══ Material for this task ══

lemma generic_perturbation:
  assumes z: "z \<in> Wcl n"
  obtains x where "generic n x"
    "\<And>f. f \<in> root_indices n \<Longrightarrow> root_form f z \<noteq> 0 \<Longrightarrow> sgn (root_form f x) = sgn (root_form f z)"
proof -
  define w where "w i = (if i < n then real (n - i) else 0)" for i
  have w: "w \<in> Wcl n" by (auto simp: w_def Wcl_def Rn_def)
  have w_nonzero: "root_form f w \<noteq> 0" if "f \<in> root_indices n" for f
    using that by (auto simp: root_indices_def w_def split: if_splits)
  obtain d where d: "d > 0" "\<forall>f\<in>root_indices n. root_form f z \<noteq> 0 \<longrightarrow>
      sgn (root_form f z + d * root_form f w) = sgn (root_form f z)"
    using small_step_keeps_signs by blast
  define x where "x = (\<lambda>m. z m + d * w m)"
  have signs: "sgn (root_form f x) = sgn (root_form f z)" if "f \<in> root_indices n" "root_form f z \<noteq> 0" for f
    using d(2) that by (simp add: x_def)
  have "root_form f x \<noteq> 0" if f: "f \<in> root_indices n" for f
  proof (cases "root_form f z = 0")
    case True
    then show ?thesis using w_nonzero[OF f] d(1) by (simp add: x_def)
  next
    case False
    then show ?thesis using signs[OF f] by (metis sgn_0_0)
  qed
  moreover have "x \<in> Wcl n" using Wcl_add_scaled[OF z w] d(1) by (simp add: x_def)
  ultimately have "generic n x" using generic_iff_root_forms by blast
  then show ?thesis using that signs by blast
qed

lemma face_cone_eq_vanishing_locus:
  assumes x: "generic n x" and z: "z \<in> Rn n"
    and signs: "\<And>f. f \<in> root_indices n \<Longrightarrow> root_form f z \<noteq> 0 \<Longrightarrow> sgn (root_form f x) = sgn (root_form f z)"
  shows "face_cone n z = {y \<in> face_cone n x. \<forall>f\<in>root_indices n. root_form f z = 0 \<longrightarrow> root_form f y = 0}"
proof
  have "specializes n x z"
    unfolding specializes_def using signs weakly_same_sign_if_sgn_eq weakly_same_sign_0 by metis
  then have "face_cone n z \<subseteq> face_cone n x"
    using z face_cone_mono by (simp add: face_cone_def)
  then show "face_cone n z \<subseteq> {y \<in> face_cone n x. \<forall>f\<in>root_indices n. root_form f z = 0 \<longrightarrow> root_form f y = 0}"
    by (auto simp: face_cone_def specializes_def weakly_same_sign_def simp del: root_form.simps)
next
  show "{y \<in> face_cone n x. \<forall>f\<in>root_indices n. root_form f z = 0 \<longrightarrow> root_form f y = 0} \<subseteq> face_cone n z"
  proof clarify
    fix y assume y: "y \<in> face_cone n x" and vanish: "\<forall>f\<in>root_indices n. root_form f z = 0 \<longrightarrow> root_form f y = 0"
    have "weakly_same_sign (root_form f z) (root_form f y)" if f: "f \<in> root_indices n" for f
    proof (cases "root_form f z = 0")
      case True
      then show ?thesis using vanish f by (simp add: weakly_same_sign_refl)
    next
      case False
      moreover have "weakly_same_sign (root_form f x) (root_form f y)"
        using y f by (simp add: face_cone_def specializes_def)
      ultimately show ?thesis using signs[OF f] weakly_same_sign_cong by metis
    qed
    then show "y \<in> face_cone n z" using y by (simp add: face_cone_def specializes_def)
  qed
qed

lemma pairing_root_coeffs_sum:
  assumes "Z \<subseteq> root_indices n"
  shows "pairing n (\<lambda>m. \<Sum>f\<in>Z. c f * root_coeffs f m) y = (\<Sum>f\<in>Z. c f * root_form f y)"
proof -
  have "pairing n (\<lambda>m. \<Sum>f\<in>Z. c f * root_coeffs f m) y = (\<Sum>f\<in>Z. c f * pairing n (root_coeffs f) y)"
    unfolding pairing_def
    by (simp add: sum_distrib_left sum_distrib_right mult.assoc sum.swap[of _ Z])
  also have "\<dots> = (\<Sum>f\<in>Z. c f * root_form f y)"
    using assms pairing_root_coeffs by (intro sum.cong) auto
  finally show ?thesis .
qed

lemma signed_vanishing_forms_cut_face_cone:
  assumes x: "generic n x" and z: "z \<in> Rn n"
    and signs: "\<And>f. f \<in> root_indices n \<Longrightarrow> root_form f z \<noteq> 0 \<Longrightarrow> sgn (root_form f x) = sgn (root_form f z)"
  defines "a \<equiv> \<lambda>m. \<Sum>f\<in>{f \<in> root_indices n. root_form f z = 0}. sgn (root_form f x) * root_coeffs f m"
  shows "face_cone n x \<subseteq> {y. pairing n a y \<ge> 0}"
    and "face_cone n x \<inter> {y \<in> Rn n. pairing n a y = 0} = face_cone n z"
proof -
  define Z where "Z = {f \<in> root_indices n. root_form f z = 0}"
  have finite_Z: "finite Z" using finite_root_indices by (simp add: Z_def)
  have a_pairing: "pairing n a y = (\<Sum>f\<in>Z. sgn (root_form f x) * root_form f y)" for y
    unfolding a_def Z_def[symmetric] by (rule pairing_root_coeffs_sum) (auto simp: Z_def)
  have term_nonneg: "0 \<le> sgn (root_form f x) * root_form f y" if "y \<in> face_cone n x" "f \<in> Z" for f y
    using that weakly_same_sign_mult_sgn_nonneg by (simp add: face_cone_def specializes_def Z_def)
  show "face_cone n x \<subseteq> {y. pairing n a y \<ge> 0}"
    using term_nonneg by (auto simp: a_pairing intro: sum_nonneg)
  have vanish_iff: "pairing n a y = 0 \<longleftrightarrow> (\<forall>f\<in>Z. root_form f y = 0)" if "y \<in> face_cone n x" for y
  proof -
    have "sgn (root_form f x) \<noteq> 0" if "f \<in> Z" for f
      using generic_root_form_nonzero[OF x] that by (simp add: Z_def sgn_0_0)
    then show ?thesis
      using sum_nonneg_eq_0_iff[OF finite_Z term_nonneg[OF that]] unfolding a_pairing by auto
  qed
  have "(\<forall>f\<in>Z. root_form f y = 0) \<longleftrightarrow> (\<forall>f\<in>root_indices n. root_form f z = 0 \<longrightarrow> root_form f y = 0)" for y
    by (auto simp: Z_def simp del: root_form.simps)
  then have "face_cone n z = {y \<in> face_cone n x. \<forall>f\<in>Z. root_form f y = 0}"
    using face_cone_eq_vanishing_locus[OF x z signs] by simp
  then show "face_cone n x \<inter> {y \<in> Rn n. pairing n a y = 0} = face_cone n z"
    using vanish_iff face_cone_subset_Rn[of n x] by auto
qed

═══
══ Material for this task ══

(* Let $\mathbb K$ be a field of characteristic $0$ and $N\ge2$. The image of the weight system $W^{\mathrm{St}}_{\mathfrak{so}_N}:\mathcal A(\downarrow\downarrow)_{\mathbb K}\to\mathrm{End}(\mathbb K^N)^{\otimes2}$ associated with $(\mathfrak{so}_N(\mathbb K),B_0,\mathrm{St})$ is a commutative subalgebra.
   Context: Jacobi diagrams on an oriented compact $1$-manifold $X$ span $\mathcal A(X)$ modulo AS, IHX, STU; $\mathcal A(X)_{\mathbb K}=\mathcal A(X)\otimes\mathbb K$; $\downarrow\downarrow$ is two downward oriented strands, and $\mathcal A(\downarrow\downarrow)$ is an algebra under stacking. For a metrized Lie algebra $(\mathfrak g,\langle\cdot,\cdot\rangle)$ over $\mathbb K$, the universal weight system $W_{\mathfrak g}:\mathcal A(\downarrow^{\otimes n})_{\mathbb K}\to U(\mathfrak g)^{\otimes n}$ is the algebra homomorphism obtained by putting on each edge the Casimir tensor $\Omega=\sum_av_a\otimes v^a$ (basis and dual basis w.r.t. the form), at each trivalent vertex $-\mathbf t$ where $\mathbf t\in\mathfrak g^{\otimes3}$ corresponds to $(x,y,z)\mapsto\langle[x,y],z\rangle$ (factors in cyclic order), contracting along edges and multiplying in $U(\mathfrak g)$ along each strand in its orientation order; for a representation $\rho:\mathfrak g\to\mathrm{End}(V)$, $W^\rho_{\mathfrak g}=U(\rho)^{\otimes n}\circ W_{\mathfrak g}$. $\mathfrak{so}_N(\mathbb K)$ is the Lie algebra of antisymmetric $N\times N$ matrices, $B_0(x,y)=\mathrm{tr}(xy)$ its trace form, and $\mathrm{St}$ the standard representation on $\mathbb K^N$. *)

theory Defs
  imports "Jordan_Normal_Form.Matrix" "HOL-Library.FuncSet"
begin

═══
══ Material for this task ══

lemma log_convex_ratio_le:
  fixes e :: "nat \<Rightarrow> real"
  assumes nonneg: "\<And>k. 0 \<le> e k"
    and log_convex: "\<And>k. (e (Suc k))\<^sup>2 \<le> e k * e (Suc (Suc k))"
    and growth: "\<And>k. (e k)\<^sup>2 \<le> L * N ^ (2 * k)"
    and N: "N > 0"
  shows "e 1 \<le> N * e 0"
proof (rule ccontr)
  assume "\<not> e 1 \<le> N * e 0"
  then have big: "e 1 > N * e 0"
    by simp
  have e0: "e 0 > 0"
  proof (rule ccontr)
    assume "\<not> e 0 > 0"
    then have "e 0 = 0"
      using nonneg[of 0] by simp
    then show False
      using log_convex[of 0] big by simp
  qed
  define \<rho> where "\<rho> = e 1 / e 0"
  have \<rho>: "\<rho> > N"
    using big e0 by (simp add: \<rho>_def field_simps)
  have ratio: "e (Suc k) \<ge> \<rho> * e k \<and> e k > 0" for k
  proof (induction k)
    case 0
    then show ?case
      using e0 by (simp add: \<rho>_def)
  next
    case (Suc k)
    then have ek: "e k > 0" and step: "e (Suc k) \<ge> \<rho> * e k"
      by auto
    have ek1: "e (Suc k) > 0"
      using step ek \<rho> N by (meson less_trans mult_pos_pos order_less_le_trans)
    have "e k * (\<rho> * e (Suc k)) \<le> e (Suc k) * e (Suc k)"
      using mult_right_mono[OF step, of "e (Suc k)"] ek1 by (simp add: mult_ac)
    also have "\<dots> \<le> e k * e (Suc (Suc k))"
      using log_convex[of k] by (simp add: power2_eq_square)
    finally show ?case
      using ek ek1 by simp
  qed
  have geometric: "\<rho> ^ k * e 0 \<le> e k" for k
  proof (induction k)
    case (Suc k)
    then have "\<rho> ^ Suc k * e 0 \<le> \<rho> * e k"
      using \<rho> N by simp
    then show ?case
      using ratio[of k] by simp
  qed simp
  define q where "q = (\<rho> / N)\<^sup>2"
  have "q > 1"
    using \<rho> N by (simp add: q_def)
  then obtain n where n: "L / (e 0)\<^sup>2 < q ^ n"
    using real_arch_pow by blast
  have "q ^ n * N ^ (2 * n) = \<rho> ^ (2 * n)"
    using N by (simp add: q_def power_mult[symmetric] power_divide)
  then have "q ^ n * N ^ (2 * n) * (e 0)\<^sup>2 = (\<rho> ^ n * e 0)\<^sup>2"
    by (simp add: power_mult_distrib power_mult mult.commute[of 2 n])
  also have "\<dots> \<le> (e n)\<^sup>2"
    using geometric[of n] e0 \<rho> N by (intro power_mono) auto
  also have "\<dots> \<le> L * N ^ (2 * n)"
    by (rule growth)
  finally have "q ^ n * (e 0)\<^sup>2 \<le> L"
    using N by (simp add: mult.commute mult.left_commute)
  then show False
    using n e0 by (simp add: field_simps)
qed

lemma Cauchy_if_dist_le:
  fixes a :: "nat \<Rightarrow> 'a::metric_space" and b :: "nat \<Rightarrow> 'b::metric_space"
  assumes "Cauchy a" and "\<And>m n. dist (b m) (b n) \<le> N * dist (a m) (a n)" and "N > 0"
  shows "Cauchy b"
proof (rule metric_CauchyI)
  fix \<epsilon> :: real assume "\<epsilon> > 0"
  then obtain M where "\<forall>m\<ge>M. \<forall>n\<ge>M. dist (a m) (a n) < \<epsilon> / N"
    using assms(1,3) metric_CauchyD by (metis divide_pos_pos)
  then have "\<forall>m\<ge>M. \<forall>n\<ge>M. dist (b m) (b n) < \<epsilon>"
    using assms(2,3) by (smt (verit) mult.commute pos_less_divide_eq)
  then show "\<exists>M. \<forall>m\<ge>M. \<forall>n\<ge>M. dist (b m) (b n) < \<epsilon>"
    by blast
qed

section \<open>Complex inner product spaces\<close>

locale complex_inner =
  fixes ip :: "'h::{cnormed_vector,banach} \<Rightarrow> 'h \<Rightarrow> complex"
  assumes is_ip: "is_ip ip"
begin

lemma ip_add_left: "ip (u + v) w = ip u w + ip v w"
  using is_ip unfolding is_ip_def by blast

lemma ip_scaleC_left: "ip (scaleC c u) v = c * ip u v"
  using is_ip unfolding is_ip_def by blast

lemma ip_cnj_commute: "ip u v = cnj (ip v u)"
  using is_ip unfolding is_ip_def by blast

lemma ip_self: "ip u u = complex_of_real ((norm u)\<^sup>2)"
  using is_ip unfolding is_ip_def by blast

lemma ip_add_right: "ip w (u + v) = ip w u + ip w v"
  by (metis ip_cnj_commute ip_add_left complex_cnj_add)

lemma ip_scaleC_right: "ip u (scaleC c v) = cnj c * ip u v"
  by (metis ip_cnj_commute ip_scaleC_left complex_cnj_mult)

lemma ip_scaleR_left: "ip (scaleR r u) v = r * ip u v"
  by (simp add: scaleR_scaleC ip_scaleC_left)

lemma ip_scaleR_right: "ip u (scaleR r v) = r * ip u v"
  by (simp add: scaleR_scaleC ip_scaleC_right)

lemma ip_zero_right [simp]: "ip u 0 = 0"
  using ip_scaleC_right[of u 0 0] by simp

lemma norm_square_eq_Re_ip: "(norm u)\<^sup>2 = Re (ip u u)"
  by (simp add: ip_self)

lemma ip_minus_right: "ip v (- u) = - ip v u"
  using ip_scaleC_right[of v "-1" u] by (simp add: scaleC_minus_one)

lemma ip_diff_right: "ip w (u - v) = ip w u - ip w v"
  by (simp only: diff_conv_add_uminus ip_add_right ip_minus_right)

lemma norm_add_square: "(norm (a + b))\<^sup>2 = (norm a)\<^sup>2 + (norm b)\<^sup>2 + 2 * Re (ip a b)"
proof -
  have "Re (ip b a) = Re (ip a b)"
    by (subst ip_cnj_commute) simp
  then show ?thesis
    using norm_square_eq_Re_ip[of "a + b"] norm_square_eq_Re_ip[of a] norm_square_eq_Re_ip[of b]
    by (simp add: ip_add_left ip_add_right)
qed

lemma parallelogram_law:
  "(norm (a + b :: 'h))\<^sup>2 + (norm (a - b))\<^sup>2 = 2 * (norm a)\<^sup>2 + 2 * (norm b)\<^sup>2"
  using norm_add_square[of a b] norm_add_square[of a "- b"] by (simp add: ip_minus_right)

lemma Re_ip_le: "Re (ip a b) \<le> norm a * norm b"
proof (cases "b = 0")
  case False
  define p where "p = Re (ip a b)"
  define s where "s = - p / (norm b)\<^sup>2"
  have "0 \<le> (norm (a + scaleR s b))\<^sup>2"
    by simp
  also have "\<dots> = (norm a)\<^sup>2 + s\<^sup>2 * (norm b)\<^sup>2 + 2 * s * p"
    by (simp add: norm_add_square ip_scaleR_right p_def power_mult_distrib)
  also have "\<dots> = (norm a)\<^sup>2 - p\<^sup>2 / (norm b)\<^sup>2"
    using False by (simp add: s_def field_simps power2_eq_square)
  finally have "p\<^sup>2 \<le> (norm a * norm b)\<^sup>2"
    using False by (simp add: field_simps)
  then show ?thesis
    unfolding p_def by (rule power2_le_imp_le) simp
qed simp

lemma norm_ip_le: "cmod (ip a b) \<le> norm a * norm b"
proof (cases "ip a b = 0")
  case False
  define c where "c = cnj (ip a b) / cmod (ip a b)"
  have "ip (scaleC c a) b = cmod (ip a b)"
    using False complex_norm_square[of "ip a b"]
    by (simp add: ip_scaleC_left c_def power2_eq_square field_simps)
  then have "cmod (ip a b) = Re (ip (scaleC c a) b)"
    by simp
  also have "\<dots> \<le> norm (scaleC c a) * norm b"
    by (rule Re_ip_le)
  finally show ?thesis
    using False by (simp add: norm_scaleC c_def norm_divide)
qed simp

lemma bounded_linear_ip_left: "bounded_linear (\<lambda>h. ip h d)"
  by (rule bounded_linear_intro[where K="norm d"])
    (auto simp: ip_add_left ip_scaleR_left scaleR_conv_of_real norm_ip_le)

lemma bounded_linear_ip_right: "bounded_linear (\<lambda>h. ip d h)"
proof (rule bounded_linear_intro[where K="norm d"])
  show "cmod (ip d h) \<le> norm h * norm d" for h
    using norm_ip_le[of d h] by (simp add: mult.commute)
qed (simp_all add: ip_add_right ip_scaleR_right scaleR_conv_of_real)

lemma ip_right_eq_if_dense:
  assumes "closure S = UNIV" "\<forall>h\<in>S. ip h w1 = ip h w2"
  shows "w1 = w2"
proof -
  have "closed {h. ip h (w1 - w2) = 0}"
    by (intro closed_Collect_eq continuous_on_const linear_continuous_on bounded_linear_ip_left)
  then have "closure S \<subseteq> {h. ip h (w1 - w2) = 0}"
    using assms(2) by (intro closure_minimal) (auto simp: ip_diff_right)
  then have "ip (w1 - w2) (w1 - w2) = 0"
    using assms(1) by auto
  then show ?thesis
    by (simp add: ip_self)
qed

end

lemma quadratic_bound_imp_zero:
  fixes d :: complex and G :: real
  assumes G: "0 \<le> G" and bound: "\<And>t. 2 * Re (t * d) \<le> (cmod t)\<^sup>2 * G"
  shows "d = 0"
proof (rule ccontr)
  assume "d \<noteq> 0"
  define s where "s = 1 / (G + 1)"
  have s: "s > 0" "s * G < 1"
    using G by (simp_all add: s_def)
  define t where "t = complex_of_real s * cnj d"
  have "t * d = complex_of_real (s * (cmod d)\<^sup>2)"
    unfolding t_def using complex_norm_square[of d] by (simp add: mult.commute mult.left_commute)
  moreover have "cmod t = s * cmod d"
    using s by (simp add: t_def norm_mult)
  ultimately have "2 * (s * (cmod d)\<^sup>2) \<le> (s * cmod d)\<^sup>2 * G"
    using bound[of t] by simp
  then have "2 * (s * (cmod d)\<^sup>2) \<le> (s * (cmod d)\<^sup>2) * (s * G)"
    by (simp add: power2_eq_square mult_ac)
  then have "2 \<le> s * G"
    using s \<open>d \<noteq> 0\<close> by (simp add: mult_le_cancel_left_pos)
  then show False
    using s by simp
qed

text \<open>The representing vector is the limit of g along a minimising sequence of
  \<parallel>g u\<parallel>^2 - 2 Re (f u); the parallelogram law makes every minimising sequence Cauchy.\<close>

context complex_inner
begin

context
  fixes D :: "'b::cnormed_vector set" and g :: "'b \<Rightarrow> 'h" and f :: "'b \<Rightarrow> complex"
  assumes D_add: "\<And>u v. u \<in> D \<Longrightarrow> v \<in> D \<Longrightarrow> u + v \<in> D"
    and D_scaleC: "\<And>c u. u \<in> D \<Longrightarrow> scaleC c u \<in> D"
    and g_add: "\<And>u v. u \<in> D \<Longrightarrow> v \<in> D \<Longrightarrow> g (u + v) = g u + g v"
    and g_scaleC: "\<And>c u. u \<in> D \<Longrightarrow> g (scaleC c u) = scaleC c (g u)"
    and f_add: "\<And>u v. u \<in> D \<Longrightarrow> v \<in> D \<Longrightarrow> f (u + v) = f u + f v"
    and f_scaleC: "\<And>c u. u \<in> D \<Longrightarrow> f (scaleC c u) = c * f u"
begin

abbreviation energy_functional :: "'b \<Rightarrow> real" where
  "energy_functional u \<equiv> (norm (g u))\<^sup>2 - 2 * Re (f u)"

═══

** Problem to solve **
Everything above from the line containing "qed (simp_all add: ip_add_right" through the line containing "(w1 - w2) (w1" must be copied exactly. Nothing outside that range belongs in the answer.

** Exercise output **
qed (simp_all add: ip_add_right ip_scaleR_right scaleR_conv_of_real)

lemma ip_right_eq_if_dense:
  assumes "closure S = UNIV" "\<forall>h\<in>S. ip h w1 = ip h w2"
  shows "w1 = w2"
proof -
  have "closed {h. ip h (w1 - w2) = 0}"
    by (intro closed_Collect_eq continuous_on_const linear_continuous_on bounded_linear_ip_left)
  then have "closure S \<subseteq> {h. ip h (w1 - w2) = 0}"
    using assms(2) by (intro closure_minimal) (auto simp: ip_diff_right)
  then have "ip (w1 - w2) (w1 - w2) = 0"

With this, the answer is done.